Kılıç, “Sansür yasası ile Türkiye de sosyal medyayı etkin altına almaya çalıştılar. Bu kapsamda dezenformasyon adı altında gerçek haber yapan gazeteciler tutuklandı. Kendi düşüncelerini ifade eden sosyal medya kullanıcıları tutuklandı. Şimdi önümüze konulan bu düzenleme anladığımız kadarıyla sansür yasasının bir adım ilerisi. Sansür yasasının uygulanması ifade ve basın özgürlüğünün ihlalidir dedik. Olağanüstü suçlamalar ve cezalandırmalar yaşadık. Bu düzenleme daha da ağır bir uygulamanın habercisi. Bugüne kadar sansür yasasının hedefinde gazeteciler vardı şimdi tüm sosyal medya kullanıcıları var. Sansür yasası ile gazeteciler kriminalize edilip cezalandırılıyordu bu düzenleme ile tüm sosyal medya kullanıcıları ajan adı altında kriminalize edilebilir” ifadelerine yer verdi.

HUKUKEN BİR ANLAMI YOK

Ceza Hukukçusu Erdi Yetkin düzenlemenin bu haliyle casusluk tanımına uymadığını belirtti. Yetkin, “Düzenlemede karşımıza çıkan casusluk tanımı değil aslında bir propaganda tanımı” dedi.

Yetkin, şöyle konuştu: “Devletin güvenliğine ya da iç veya dış siyasal yararlarına, gizli kalması gereken bilgilerin, belgelerinin temini, çalınması, açıklanması gibi fiiller zaten suç.

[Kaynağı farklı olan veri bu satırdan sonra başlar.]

lemma ht_neg_root_coeffs:
  "finite \<Sigma> \<Longrightarrow> ht \<Sigma> (neg_root_coeffs p q) = - of_nat (card (\<Sigma> \<inter> {p<..q}))"
  unfolding ht_def neg_root_coeffs_def
  by (simp add: sum.If_cases Int_def)

lemma root_vector_in_ngr:
  assumes "p < q" "q < n" "finite \<Sigma>"
  shows "root_vector n q p \<in> ngr n \<Sigma> (- int (card (\<Sigma> \<inter> {p<..q})))"
  unfolding ngr_def
  using root_vector_in_rspace[of p q n] is_root_neg_root_coeffs[OF assms(1,2)]
    ht_neg_root_coeffs[OF assms(3), of p q] assms
  by (intro cspan_base) force

lemma lbr_root_vectors_same_column:
  assumes "p < n" "q < n" "q' < n" "q \<noteq> p" "q' \<noteq> p"
  shows "lbr n (root_vector n q p) (root_vector n q' p) = 0"
proof -
  have "mmul n (root_vector n q p) (root_vector n q' p) = 0"
    "mmul n (root_vector n q' p) (root_vector n q p) = 0"
    using assms by (auto simp: mmul_def root_vector_def fun_eq_iff intro!: sum.neutral)
  then show ?thesis by (simp add: lbr_def comm_def)
qed

theorem theorem4p8:
  fixes n r :: nat and \<Sigma> :: "nat set"
  assumes "4 \<le> n"
    and "(\<exists>i. 2 \<le> i \<and> i \<le> n - 2 \<and> (\<Sigma> = {1, i} \<or> \<Sigma> = {i, n})) \<or> \<Sigma> = {1, n - 1, n}"
    and "0 < r"
  shows "\<not> (\<exists>\<phi>. graded_iso r n \<Sigma> \<phi>)"
proof
  assume "\<exists>\<phi>. graded_iso r n \<Sigma> \<phi>"
  then obtain \<phi> where iso: "graded_iso r n \<Sigma> \<phi>" ..
  have fin: "finite \<Sigma>" using assms(2) by auto
  obtain p where p: "p + 2 < n" "\<Sigma> \<inter> {p<..p + 1} = {p + 1}" "\<Sigma> \<inter> {p<..p + 2} = {p + 1}"
  proof -
    from assms(2) consider i where "2 \<le> i" "i \<le> n - 2" "\<Sigma> = {1, i} \<or> \<Sigma> = {i, n}"
      | "\<Sigma> = {1, n - 1, n}" by blast
    then show ?thesis
    proof cases
      case 1
      then show ?thesis using assms(1) by (intro that[of "i - 1"]) auto
    next
      case 2
      then show ?thesis using assms(1) by (intro that[of 0]) auto
    qed
  qed
  define X where "X = root_vector n (p + 1) p"
  define Y where "Y = root_vector n (p + 2) p"
  have "X \<in> ngr n \<Sigma> (-1)" "Y \<in> ngr n \<Sigma> (-1)"
    using root_vector_in_ngr[OF _ _ fin, of p "p + 1" n] root_vector_in_ngr[OF _ _ fin, of p "p + 2" n] p
    by (simp_all add: X_def Y_def)
  moreover have "lbr n X Y = 0" "X \<noteq> 0"
    using lbr_root_vectors_same_column root_vector_nonzero p(1) by (simp_all add: X_def Y_def)
  ultimately obtain c where "Y = csmul c X"
    using graded_iso_commuting_degree_one_proportional[OF iso] by blast
  then have "Y (p + 2, p) = c * X (p + 2, p)" by (simp add: csmul_def)
  then show False by (simp add: X_def Y_def root_vector_def)
qed

end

O sebeple haberlere yansıyan düzenlemedeki ifadeler olsa olsa bir propaganda suçu kapsamında düşünülebilir. Zaten mevcut düzenlemelerin yeterli olduğu da düşünüldüğünde haberlere yansıyan türde bir düzenlemenin hayli olumsuz bir şekilde değerlendirilmesi gerekir. Türkiye lehine görünüp de aleyhine propaganda yapmanın hukuken bir anlamı olamaz. Dolayısıyla böyle bir suç tipi öngörülürse, normun büyük ölçüde belirsiz olacağını söylemek gerekir. Örneğin Türkiye lehine görünüp de aleyhe propaganda yapmak şeklinde bir hususun hukuken değerlendirme konusu yapılamayacağı kanısındayım.

Öte yandan 217 A dönemindeki Dezenformasyon Yasası taslağı tartışmasına benzer bir hamle. Böyle bir düzenleme varsa bunu kapsamını anlayıp karşı çıkmak gerekli. Dezonformasyon yasası olarak adlandırılan 217/A hükmünün düzenleniş şekli o kadar kötüydü ki böylesi bir normdan mahkumiyet hemen hemen imkansız. Ancak soruşturmaların yapıldığı, gazetecilerin tutuklandığı ve bir süre içeride tutulup salıverilmek zorunda kalındığı bir norma sahip olduk. Benzer bir düzenleme ile bir kez daha karşılaşmamız, ceza hukukunun açıkça kötüye kullanılmasının bir diğer örneğini teşkil edecektir.